You’re supposed to pronounce the title as if were a fancy French disease – malaaaiiize cooveeeed. Someone asks you what’s wrong, you say “Ahhh j’ai la malaise covid.” Symptoms? A strange blend of ennui and anxiety. Distorted passage of time. Weight gain. Fatigue. Fog… the list goes on.
What is it about this time? I am fortunate in that I don’t live in a geography that has had mandatory lock-downs and quarantine. Even now, the messaging about masks is somewhat unclear. They are suggested, or recommended. Not mandatory. But in spite of this, I have not gone very far from home, very often. And yet I am tired. When I passed 50 (okay, 45…) 10 pm became the new midnight. Now it’s 9 pm. But I don’t sleep. Not well. My activity level varies quite a bit. (Remind me to tell you about last summer’s epic paddle boarding accident that ended up in a torn medial ligament in my right knee. Now the left one is blown – epic kayak accident. Not walking very far right now, and maybe this is a sign to avoid water sports…) Suffice to say, I’ve run the diagnostics and other than depression and a serious contender in Fibromyalgia, there’s something about living on Covid Earth that drains me, drains us? Tell me I’m not alone.
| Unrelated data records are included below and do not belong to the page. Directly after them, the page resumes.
(* The stretch of a pair ij under a motion v is (p_i - p_j) . (v_i - v_j). Motions in X_f(P)
   have prescribed stretch on the hull edges and stretch at least f_ij on all other pairs, while
   trivial motions (translations plus infinitesimal rotations) have zero stretch everywhere.

   Around the hull polygon the angular velocities of consecutive hull edges telescope. At each
   hull vertex the difference of the angular velocities of its two edges is an affine function of
   the stretch of the diagonal joining its neighbours, with a coefficient of fixed sign. Hence a
   positive combination of these diagonal stretches is constant on X_f(P), so each of them is
   bounded above as well as below. Each hull triangle (a vertex and its two successors) then
   moves like a trivial motion up to a bounded error; consecutive triangles share an edge, so the
   whole hull does. An interior point sees hull vertices beyond it in every direction, and its
   stretches to them are bounded below, which bounds its deviation as well. Finally the
   normalization v_1 = 0, v_2^1 = 0 bounds the trivial motion itself. *)

section \<open>Planar vector algebra\<close>

definition cross2 :: "real^2 \<Rightarrow> real^2 \<Rightarrow> real" where
  "cross2 x y = x$1 * y$2 - x$2 * y$1"

definition perp :: "real^2 \<Rightarrow> real^2" where
  "perp x = vector [- x$2, x$1]"

lemma inner_real2: "x \<bullet> (y::real^2) = x$1 * y$1 + x$2 * y$2"
  by (simp add: inner_vec_def sum_2)

lemma vec2_eq_iff: "(x::real^2) = y \<longleftrightarrow> x$1 = y$1 \<and> x$2 = y$2"
  by (simp add: vec_eq_iff forall_2)

lemma perp_nth [simp]: "perp x $ 1 = - x$2" "perp x $ 2 = x$1"
  by (simp_all add: perp_def)

lemma inner_perp_self [simp]: "x \<bullet> perp x = 0"
  by (simp add: inner_real2)

lemma norm_perp [simp]: "norm (perp x) = norm x"
  by (simp add: norm_eq_sqrt_inner inner_real2)

lemma perp_diff: "perp (x - y) = perp x - perp y"
  by (simp add: vec2_eq_iff)

lemma cross2_orthogonal_decomposition:
  "(d \<bullet> d) *\<^sub>R w = (d \<bullet> w) *\<^sub>R d + cross2 d w *\<^sub>R perp d"
  by (simp add: vec2_eq_iff inner_real2 cross2_def algebra_simps)

lemma inner_nonpos_in_cone:
  assumes "cross2 a b > 0" "cross2 b d \<ge> 0" "cross2 a d \<ge> 0" "a \<bullet> u \<ge> 0" "b \<bullet> u \<le> 0"
  shows "d \<bullet> u \<le> 0"
proof -
  have eq: "cross2 a b *\<^sub>R d = cross2 a d *\<^sub>R b - cross2 b d *\<^sub>R a"
    by (simp add: vec2_eq_iff cross2_def algebra_simps)
  have "cross2 a b * (d \<bullet> u) = (cross2 a b *\<^sub>R d) \<bullet> u" by simp
  also have "\<dots> = cross2 a d * (b \<bullet> u) - cross2 b d * (a \<bullet> u)"
    unfolding eq by (simp add: inner_diff_left)
  also have "\<dots> \<le> 0"
    using mult_nonneg_nonpos[OF assms(3,5)] mult_nonneg_nonneg[OF assms(2,4)] by linarith
  finally show ?thesis using assms(1) by (simp add: mult_le_0_iff)
qed

lemma cross2_mult_inner_if_orthogonal:
  assumes "x \<bullet> u = 0"
  shows "cross2 x y * (u \<bullet> u) = cross2 x u * (y \<bullet> u)"
proof -
  have "cross2 x y * (u \<bullet> u) - cross2 x u * (y \<bullet> u) = (x \<bullet> u) * (y$2 * u$1 - y$1 * u$2)"
    by (simp add: cross2_def inner_real2 algebra_simps)
  then show ?thesis using assms by simp
qed

lemma collinear_if_cross2_eq_0:
  assumes "cross2 (b - a) (c - a) = 0"
  shows "collinear {a, b, c}"
proof -
  let ?x = "b - a" and ?y = "c - a"
  have "?x = 0 \<or> (\<exists>t. ?y = t *\<^sub>R ?x)"
  proof (cases "?x = 0")
    case False
    then have nz: "?x \<bullet> ?x \<noteq> 0" by simp
    have "?y = inverse (?x \<bullet> ?x) *\<^sub>R ((?x \<bullet> ?x) *\<^sub>R ?y)" using nz by simp
    also have "\<dots> = inverse (?x \<bullet> ?x) *\<^sub>R ((?x \<bullet> ?y) *\<^sub>R ?x)"
      using cross2_orthogonal_decomposition[of ?x ?y] assms by simp
    finally show ?thesis by auto
  qed simp
  then have "collinear {0, ?x, ?y}" by (auto simp: collinear_lemma)
  then have "collinear {b, a, c}" by (subst collinear_3) simp
  then show ?thesis by (simp add: insert_commute)
qed

lemma norm_le_by_two_directions:
  assumes "cross2 d1 d2 \<noteq> 0"
  shows "norm w \<le> (norm d2 * \<bar>d1 \<bullet> w\<bar> + norm d1 * \<bar>d2 \<bullet> w\<bar>) / \<bar>cross2 d1 d2\<bar>"
proof -
  have "cross2 d1 d2 *\<^sub>R w = (d2 \<bullet> w) *\<^sub>R perp d1 - (d1 \<bullet> w) *\<^sub>R perp d2"
    by (simp add: vec2_eq_iff inner_real2 cross2_def algebra_simps)
  then have "\<bar>cross2 d1 d2\<bar> * norm w = norm ((d2 \<bullet> w) *\<^sub>R perp d1 - (d1 \<bullet> w) *\<^sub>R perp d2)"
    by (simp flip: norm_scaleR)
  also have "\<dots> \<le> norm d2 * \<bar>d1 \<bullet> w\<bar> + norm d1 * \<bar>d2 \<bullet> w\<bar>"
    by (rule order_trans[OF norm_triangle_ineq4]) (simp add: mult.commute)
  finally show ?thesis using assms by (simp add: pos_le_divide_eq mult.commute)
qed

lemma ex_strict_support_by_perturbation:
  fixes x :: "'k \<Rightarrow> 'a::real_inner"
  assumes "finite K" and "\<forall>k\<in>K. x k \<bullet> u < 0 \<or> (x k \<bullet> u = 0 \<and> x k \<bullet> w < 0)"
  shows "\<exists>u'. \<forall>k\<in>K. x k \<bullet> u' < 0"
proof -
  have "\<forall>\<^sub>F e in at_right 0. \<forall>k\<in>K. x k \<bullet> (u + e *\<^sub>R w) < 0"
  proof (intro eventually_ball_finite[OF assms(1)] ballI)
    fix k assume "k \<in> K"
    have expand: "x k \<bullet> (u + e *\<^sub>R w) = x k \<bullet> u + e * (x k \<bullet> w)" for e
      by (simp add: inner_add_right)
    consider "x k \<bullet> u < 0" | "x k \<bullet> u = 0" "x k \<bullet> w < 0" using assms(2) \<open>k \<in> K\<close> by blast
    then show "\<forall>\<^sub>F e in at_right 0. x k \<bullet> (u + e *\<^sub>R w) < 0"
    proof cases
      case 1
      have "((\<lambda>e. x k \<bullet> u + e * (x k \<bullet> w)) \<longlongrightarrow> x k \<bullet> u + 0 * (x k \<bullet> w)) (at_right 0)"
        by (intro tendsto_intros)
      then show ?thesis unfolding expand using 1 by (auto dest: order_tendstoD(2))
    next
      case 2
      show ?thesis unfolding expand using eventually_at_right_less[of 0]
        by eventually_elim (use 2 in \<open>simp add: mult_pos_neg\<close>)
    qed
  qed
  then show ?thesis using eventually_happens'[OF trivial_limit_at_right_real] by blast
qed

lemma norm_bound_by_positive_spanning_set:
  fixes d :: "'k \<Rightarrow> 'a::euclidean_space"
  assumes "finite K" and spanning: "\<And>u. u \<noteq> 0 \<Longrightarrow> \<exists>k\<in>K. d k \<bullet> u > 0"
  shows "\<exists>\<delta>>0. \<forall>w. \<delta> * norm w \<le> (\<Sum>k\<in>K. max 0 (d k \<bullet> w))"
proof -
  define \<phi> where "\<phi> w = (\<Sum>k\<in>K. max 0 (d k \<bullet> w))" for w
  have "continuous_on (sphere 0 1) \<phi>" unfolding \<phi>_def by (intro continuous_intros)
  moreover have "sphere (0::'a) 1 \<noteq> {}" by simp
  ultimately obtain u0 where u0: "u0 \<in> sphere 0 1" and min: "\<And>u. u \<in> sphere 0 1 \<Longrightarrow> \<phi> u0 \<le> \<phi> u"
    using continuous_attains_inf[OF compact_sphere] by metis
  have "u0 \<noteq> 0" using u0 by auto
  then obtain k where k: "k \<in> K" "d k \<bullet> u0 > 0" using spanning by blast
  have "max 0 (d k \<bullet> u0) \<le> \<phi> u0"
    unfolding \<phi>_def using assms(1) k(1) by (intro member_le_sum) auto
  then have pos: "\<phi> u0 > 0" using k(2) by linarith
  have "\<phi> u0 * norm w \<le> \<phi> w" for w
  proof (cases "w = 0")
    case False
    define u where "u = w /\<^sub>R norm w"
    have "d k \<bullet> w = norm w * (d k \<bullet> u)" for k
      using False by (simp add: u_def)
    then have "max 0 (d k \<bullet> w) = norm w * max 0 (d k \<bullet> u)" for k
      by (simp add: max_mult_distrib_left)
    then have "\<phi> w = norm w * \<phi> u"
      unfolding \<phi>_def sum_distrib_left by simp
    moreover have "\<phi> u0 \<le> \<phi> u" using min False by (simp add: u_def)
    ultimately show ?thesis by (simp add: mult.commute mult_left_mono)
  qed (simp add: \<phi>_def)
  then show ?thesis using pos unfolding \<phi>_def by blast
qed

lemma cross2_angle_identity:
  assumes "a \<noteq> 0" "b \<noteq> 0"
  shows "cross2 a b * (cross2 b b' / (b \<bullet> b) - cross2 a a' / (a \<bullet> a)) =
    (a - b) \<bullet> (a' - b') + ((a \<bullet> b) / (a \<bullet> a) - 1) * (a \<bullet> a') + ((a \<bullet> b) / (b \<bullet> b) - 1) * (b \<bullet> b')"
proof -
  have "a \<bullet> a \<noteq> 0" "b \<bullet> b \<noteq> 0" using assms by auto
  moreover have "cross2 a b * (cross2 b b' * (a \<bullet> a) - cross2 a a' * (b \<bullet> b)) =
      ((a - b) \<bullet> (a' - b')) * (a \<bullet> a) * (b \<bullet> b) + ((a \<bullet> b) - (a \<bullet> a)) * (a \<bullet> a') * (b \<bullet> b)
      + ((a \<bullet> b) - (b \<bullet> b)) * (b \<bullet> b') * (a \<bullet> a)"
    by (simp add: inner_real2 cross2_def algebra_simps)
  ultimately show ?thesis by (simp add: field_simps)
qed

text \<open>Trivial infinitesimal motions: translation by a plus rotation with angular velocity s.\<close>
definition rigid_motion :: "real^2 \<Rightarrow> real \<Rightarrow> real^2 \<Rightarrow> real^2" where
  "rigid_motion a s x = a + s *\<^sub>R perp x"

lemma rigid_motion_diff: "rigid_motion a s x - rigid_motion a s y = s *\<^sub>R perp (x - y)"
  by (simp add: rigid_motion_def perp_diff algebra_simps)

lemma rigid_motion_sub: "rigid_motion a s x - rigid_motion a' s' x = rigid_motion (a - a') (s - s') x"
  by (simp add: rigid_motion_def algebra_simps)

lemma norm_rigid_motion_le_shift:
  "norm (rigid_motion a s z) \<le> norm (rigid_motion a s x) + \<bar>s\<bar> * norm (z - x)"
proof -
  have "rigid_motion a s z = rigid_motion a s x + s *\<^sub>R perp (z - x)"
    using rigid_motion_diff[of a s z x] by (simp add: algebra_simps)
  then show ?thesis
    using norm_triangle_ineq[of "rigid_motion a s x" "s *\<^sub>R perp (z - x)"] by simp
qed

lemma abs_rotation_le:
  "\<bar>s\<bar> * norm (x - y) \<le> norm (rigid_motion a s x) + norm (rigid_motion a s y)"
  using norm_triangle_ineq4[of "rigid_motion a s x" "rigid_motion a s y"]
  by (simp add: rigid_motion_diff)

lemma abs_rotation_le_first_coordinate:
  "\<bar>s\<bar> * \<bar>x $ 2 - y $ 2\<bar> \<le> \<bar>rigid_motion a s x $ 1\<bar> + \<bar>rigid_motion a s y $ 1\<bar>"
proof -
  have "rigid_motion a s y $ 1 - rigid_motion a s x $ 1 = s * (x $ 2 - y $ 2)"
    by (simp add: rigid_motion_def algebra_simps)
  then have "\<bar>s\<bar> * \<bar>x $ 2 - y $ 2\<bar> = \<bar>rigid_motion a s y $ 1 - rigid_motion a s x $ 1\<bar>"
    by (simp add: abs_mult)
  also have "\<dots> \<le> \<bar>rigid_motion a s x $ 1\<bar> + \<bar>rigid_motion a s y $ 1\<bar>"
    by (rule order_trans[OF abs_triangle_ineq4]) simp
  finally show ?thesis .
qed

lemma norm_rigid_motion_le:
  assumes "finite Z" "z \<in> Z" "x \<noteq> y"
    and "norm (rigid_motion a s x) \<le> c" "norm (rigid_motion a s y) \<le> c"
  shows "norm (rigid_motion a s z) \<le> c + 2 * c / norm (x - y) * (\<Sum>z\<in>Z. norm (z - x))"
proof -
  have "0 \<le> c" using assms(4) norm_ge_zero order_trans by blast
  have "\<bar>s\<bar> \<le> 2 * c / norm (x - y)"
    using abs_rotation_le[of s x y a] assms(3-5) by (simp add: le_divide_eq)
  moreover have "norm (z - x) \<le> (\<Sum>z\<in>Z. norm (z - x))"
    using assms(1,2) by (intro member_le_sum) auto
  ultimately have "\<bar>s\<bar> * norm (z - x) \<le> 2 * c / norm (x - y) * (\<Sum>z\<in>Z. norm (z - x))"
    using \<open>0 \<le> c\<close> by (intro mult_mono) auto
  then show ?thesis using norm_rigid_motion_le_shift[of a s z x] assms(4) by linarith
qed

lemma hull_edge_commute: "hull_edge n p i j \<longleftrightarrow> hull_edge n p j i"
  unfolding hull_edge_def by (auto simp: closed_segment_commute)

section \<open>Hull vertices and the hull cycle\<close>

locale planar_config =
  fixes n :: nat and p :: "nat \<Rightarrow> real^2"
  assumes two_le_n: "2 \<le> n" and general_position: "general_position n p"
begin

abbreviation I :: "nat set" where "I \<equiv> {1..n}"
Our Chief Medical Officer of Health (a brilliant doctor by name of Dr Deena Hinshaw – someone put her up for an Order of Alberta!) has made mention of ‘covid fatigue’. Some of what she was referring to was our collective tiredness with the restrictions, the slowed economy, the changes to travel, and so on. But there’s also the tiredness, the fatigue – the malaise – that seems to be gripping me, and many in my network. Maybe it’s a slightly-below-awareness sense that the world, for the most part, ground to a halt, and is not entirely sure how to start back up again. Maybe it’s the slower pace of things infusing our being and we just realized just how damned exhausting life was back in endless-consumption capitalism land? Maybe this is a grand experiment in existential dread.